What is needed:
Output a verbatim copy of the data, cut off after the line that contains "unfolding e line_differentiable_sum_list(2)[OF".

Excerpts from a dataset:

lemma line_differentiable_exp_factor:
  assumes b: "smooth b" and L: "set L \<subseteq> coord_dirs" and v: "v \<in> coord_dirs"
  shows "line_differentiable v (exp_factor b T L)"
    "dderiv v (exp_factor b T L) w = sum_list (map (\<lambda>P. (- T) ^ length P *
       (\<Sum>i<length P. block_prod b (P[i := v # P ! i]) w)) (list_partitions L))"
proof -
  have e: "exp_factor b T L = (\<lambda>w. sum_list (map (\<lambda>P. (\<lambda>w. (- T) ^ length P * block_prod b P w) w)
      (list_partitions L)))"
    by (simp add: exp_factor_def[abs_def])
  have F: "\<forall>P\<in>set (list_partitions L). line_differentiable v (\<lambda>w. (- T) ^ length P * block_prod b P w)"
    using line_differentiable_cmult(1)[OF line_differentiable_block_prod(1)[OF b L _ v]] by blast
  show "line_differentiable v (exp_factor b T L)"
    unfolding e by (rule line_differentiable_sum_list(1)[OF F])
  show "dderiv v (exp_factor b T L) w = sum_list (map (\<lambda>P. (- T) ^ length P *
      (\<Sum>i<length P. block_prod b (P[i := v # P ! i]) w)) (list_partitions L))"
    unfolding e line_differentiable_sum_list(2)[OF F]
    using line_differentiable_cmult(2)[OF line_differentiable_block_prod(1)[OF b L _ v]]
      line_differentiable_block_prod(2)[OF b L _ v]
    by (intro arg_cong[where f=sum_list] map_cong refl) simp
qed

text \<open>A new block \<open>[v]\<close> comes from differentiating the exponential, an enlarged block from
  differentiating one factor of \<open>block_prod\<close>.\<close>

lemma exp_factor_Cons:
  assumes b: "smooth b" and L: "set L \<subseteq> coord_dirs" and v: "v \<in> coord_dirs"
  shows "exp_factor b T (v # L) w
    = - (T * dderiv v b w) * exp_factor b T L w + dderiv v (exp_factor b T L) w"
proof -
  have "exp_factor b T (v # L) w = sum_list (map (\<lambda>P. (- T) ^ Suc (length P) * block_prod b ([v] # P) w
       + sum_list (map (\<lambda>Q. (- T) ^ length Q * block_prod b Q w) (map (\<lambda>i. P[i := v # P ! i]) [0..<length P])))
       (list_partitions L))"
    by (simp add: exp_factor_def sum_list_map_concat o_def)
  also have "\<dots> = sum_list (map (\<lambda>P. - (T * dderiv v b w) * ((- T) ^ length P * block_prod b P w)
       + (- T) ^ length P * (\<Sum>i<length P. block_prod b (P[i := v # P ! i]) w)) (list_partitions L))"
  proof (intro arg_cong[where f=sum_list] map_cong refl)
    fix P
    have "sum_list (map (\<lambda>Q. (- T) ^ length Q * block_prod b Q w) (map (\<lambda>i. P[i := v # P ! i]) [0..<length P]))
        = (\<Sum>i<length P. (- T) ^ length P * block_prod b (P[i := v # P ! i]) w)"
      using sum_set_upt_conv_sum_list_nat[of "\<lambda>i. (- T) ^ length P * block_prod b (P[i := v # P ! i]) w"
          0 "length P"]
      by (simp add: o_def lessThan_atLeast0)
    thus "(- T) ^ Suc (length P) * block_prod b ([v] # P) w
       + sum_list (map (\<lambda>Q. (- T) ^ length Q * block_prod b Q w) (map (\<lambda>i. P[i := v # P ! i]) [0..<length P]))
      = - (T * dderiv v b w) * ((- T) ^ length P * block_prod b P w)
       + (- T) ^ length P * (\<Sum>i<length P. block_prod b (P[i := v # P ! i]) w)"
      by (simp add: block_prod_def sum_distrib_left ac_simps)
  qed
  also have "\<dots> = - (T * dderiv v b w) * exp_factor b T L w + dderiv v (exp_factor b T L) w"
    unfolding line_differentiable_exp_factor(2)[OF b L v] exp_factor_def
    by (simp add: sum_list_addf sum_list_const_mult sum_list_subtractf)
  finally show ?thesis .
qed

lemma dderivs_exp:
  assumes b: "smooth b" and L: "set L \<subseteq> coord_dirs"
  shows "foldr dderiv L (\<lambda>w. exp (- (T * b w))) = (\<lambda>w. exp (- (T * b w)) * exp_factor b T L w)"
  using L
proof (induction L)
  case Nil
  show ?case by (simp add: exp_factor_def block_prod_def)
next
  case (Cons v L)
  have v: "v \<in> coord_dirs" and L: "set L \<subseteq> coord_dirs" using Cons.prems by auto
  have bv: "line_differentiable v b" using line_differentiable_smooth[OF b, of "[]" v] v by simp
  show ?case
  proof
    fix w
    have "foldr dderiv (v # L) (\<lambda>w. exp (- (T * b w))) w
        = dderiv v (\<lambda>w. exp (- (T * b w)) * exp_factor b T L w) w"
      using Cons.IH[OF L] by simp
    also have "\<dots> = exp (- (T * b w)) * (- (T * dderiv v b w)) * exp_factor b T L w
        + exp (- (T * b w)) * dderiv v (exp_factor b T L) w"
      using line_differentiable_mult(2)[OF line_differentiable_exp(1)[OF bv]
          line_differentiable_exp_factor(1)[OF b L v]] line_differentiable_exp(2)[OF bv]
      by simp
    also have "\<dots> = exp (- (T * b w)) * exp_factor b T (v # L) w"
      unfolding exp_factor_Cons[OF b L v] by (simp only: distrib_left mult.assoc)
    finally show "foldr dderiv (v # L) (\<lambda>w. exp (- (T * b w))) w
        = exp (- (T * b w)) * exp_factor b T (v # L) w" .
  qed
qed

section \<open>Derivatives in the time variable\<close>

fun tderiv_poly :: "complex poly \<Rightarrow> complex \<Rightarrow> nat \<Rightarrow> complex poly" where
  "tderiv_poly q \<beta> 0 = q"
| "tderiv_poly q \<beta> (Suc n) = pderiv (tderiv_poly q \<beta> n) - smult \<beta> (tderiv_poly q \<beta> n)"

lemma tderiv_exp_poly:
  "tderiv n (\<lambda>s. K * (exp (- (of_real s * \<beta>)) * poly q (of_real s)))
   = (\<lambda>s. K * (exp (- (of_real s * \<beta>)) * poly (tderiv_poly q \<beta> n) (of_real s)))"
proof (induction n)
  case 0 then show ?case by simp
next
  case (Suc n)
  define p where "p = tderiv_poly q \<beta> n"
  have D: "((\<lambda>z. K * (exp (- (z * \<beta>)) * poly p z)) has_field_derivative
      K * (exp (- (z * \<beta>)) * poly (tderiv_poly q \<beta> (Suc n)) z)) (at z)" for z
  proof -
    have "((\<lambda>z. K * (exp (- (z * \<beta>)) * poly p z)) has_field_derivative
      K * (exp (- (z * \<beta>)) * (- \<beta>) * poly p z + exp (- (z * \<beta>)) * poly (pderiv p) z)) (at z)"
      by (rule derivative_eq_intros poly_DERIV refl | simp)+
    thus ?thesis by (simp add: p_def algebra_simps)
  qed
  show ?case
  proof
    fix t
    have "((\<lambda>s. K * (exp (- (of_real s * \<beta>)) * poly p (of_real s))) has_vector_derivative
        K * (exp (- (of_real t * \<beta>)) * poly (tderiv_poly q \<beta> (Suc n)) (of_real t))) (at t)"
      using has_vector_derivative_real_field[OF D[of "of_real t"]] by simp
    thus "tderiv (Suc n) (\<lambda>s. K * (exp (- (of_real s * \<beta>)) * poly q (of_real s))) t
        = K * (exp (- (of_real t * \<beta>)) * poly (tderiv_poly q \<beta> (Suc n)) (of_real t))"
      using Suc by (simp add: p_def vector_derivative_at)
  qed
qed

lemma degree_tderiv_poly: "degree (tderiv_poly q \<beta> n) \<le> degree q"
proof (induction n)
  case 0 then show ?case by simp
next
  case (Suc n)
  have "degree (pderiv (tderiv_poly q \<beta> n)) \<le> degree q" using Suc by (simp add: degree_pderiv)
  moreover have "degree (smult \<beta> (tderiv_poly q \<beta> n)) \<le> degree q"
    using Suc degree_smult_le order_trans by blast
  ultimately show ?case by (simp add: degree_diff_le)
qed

Task answer:
lemma line_differentiable_exp_factor:
  assumes b: "smooth b" and L: "set L \<subseteq> coord_dirs" and v: "v \<in> coord_dirs"
  shows "line_differentiable v (exp_factor b T L)"
    "dderiv v (exp_factor b T L) w = sum_list (map (\<lambda>P. (- T) ^ length P *
       (\<Sum>i<length P. block_prod b (P[i := v # P ! i]) w)) (list_partitions L))"
proof -
  have e: "exp_factor b T L = (\<lambda>w. sum_list (map (\<lambda>P. (\<lambda>w. (- T) ^ length P * block_prod b P w) w)
      (list_partitions L)))"
    by (simp add: exp_factor_def[abs_def])
  have F: "\<forall>P\<in>set (list_partitions L). line_differentiable v (\<lambda>w. (- T) ^ length P * block_prod b P w)"
    using line_differentiable_cmult(1)[OF line_differentiable_block_prod(1)[OF b L _ v]] by blast
  show "line_differentiable v (exp_factor b T L)"
    unfolding e by (rule line_differentiable_sum_list(1)[OF F])
  show "dderiv v (exp_factor b T L) w = sum_list (map (\<lambda>P. (- T) ^ length P *
      (\<Sum>i<length P. block_prod b (P[i := v # P ! i]) w)) (list_partitions L))"
    unfolding e line_differentiable_sum_list(2)[OF F]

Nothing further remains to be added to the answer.